Exercise objective.
For each line below that includes the word "also", make a copy.

Collected data:
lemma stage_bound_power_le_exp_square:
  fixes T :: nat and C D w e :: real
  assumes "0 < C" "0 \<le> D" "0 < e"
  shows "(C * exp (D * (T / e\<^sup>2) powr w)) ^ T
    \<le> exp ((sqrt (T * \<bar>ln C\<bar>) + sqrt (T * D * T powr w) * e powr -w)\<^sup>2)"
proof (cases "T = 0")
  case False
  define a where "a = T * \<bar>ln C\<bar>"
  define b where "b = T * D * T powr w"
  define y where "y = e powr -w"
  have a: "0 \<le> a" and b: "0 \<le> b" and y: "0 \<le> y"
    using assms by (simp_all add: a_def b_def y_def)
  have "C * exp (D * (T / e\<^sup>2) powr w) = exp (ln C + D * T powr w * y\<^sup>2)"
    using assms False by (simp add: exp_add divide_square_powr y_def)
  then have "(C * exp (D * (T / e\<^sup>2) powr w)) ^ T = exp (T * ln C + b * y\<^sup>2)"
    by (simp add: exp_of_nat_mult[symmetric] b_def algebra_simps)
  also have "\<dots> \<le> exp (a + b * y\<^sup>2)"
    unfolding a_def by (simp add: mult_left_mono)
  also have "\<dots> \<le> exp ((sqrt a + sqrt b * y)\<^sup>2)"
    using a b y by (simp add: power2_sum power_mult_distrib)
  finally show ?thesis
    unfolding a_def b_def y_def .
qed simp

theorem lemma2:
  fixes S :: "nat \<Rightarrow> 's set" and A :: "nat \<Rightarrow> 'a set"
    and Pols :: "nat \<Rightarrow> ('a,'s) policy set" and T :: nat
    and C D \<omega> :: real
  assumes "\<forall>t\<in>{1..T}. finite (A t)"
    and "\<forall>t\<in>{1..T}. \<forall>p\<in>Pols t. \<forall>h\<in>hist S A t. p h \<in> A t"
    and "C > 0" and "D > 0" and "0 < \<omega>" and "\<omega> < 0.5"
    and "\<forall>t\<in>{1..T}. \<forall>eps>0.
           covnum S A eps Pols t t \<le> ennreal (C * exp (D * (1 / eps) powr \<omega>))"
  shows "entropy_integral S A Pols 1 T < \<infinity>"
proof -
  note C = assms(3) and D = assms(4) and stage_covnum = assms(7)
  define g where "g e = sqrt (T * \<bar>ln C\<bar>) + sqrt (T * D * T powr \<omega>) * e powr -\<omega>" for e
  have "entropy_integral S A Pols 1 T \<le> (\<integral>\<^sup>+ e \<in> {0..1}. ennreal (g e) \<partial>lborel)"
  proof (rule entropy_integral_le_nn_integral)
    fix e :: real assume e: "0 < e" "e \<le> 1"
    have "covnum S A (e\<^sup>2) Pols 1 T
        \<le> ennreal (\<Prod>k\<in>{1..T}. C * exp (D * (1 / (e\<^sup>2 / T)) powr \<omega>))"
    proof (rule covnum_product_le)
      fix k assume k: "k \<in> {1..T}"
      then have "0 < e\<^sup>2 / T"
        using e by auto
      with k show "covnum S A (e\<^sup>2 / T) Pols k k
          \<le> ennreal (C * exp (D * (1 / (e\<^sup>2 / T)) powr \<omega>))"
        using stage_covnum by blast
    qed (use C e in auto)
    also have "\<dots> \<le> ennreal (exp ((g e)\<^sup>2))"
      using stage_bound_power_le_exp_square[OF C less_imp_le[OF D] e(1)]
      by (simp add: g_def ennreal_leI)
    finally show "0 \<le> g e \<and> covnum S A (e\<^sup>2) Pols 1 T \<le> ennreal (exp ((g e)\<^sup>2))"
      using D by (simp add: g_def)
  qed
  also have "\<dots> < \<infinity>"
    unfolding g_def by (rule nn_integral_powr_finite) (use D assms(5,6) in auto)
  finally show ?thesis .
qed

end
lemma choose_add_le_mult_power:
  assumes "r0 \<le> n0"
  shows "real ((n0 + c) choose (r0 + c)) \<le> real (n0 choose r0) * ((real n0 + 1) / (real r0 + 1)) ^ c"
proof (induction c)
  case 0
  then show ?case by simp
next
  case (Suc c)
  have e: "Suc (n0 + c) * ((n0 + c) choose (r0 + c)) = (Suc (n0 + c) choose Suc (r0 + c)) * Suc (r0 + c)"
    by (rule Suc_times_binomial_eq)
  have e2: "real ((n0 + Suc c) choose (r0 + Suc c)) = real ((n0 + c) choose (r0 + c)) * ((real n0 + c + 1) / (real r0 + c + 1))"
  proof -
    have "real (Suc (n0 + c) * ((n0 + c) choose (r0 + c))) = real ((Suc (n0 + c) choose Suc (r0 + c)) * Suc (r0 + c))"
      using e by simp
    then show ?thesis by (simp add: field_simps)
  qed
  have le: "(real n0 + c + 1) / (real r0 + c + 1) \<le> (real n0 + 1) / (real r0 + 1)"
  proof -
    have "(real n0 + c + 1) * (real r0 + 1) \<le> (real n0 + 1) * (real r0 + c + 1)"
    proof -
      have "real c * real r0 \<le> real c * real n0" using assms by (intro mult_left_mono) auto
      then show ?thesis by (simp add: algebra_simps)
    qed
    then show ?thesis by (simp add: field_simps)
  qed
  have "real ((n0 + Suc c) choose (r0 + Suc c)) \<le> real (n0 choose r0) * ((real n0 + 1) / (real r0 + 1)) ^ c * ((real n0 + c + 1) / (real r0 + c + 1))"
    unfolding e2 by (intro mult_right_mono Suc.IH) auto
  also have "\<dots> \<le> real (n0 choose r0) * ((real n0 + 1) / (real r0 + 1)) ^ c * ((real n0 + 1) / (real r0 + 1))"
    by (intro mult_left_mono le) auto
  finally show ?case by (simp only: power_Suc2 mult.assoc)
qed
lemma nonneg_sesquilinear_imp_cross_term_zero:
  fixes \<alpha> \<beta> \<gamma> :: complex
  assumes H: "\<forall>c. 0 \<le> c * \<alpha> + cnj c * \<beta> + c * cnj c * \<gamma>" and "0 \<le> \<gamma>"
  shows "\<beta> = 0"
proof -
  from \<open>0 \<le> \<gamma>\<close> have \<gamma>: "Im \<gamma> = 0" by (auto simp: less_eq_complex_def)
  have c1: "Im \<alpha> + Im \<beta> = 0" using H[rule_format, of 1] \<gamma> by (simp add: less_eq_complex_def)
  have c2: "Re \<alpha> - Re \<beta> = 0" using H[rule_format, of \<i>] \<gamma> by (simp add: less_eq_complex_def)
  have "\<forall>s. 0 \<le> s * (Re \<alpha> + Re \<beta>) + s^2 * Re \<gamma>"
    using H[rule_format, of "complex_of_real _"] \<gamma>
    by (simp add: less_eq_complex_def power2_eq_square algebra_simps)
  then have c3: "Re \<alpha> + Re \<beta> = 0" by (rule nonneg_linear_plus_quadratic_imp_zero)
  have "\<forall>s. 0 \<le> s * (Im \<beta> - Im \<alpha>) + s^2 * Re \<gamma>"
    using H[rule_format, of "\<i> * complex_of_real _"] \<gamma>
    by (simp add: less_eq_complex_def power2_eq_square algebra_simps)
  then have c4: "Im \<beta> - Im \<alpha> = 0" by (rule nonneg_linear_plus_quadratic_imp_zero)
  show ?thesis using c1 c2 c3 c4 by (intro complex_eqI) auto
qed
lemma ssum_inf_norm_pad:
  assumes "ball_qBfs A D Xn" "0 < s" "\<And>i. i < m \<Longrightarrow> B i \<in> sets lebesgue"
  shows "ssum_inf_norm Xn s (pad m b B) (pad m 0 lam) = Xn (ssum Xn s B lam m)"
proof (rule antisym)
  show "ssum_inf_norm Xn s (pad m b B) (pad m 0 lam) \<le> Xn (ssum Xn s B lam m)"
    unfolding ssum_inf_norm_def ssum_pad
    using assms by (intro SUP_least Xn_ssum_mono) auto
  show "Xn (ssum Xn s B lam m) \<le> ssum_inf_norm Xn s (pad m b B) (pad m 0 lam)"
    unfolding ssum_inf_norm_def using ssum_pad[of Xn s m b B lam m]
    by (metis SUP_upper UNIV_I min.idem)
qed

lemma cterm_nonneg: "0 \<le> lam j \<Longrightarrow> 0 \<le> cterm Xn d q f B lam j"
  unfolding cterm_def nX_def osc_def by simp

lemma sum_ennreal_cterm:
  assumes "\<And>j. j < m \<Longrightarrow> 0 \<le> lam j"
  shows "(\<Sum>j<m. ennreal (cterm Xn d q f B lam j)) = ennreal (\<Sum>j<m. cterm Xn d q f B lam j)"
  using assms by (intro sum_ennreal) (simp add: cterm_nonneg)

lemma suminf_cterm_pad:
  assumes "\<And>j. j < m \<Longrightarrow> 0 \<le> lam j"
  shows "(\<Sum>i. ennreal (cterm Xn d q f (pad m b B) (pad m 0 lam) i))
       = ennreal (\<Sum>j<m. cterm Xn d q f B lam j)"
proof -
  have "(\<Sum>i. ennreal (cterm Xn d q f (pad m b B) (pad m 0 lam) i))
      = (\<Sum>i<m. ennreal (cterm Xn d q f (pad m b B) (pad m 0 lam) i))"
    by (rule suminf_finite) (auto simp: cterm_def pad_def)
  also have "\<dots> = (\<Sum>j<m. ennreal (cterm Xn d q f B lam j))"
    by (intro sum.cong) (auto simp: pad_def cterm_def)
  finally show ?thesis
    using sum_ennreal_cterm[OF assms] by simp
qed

Solution to this exercise.
  also have "\<dots> \<le> exp (a + b * y\<^sup>2)"
  also have "\<dots> \<le> exp ((sqrt a + sqrt b * y)\<^sup>2)"
    also have "\<dots> \<le> ennreal (exp ((g e)\<^sup>2))"
  also have "\<dots> < \<infinity>"
  also have "\<dots> \<le> real (n0 choose r0) * ((real n0 + 1) / (real r0 + 1)) ^ c * ((real n0 + 1) / (real r0 + 1))"
  also have "\<dots> = (\<Sum>j<m. ennreal (cterm Xn d q f B lam j))"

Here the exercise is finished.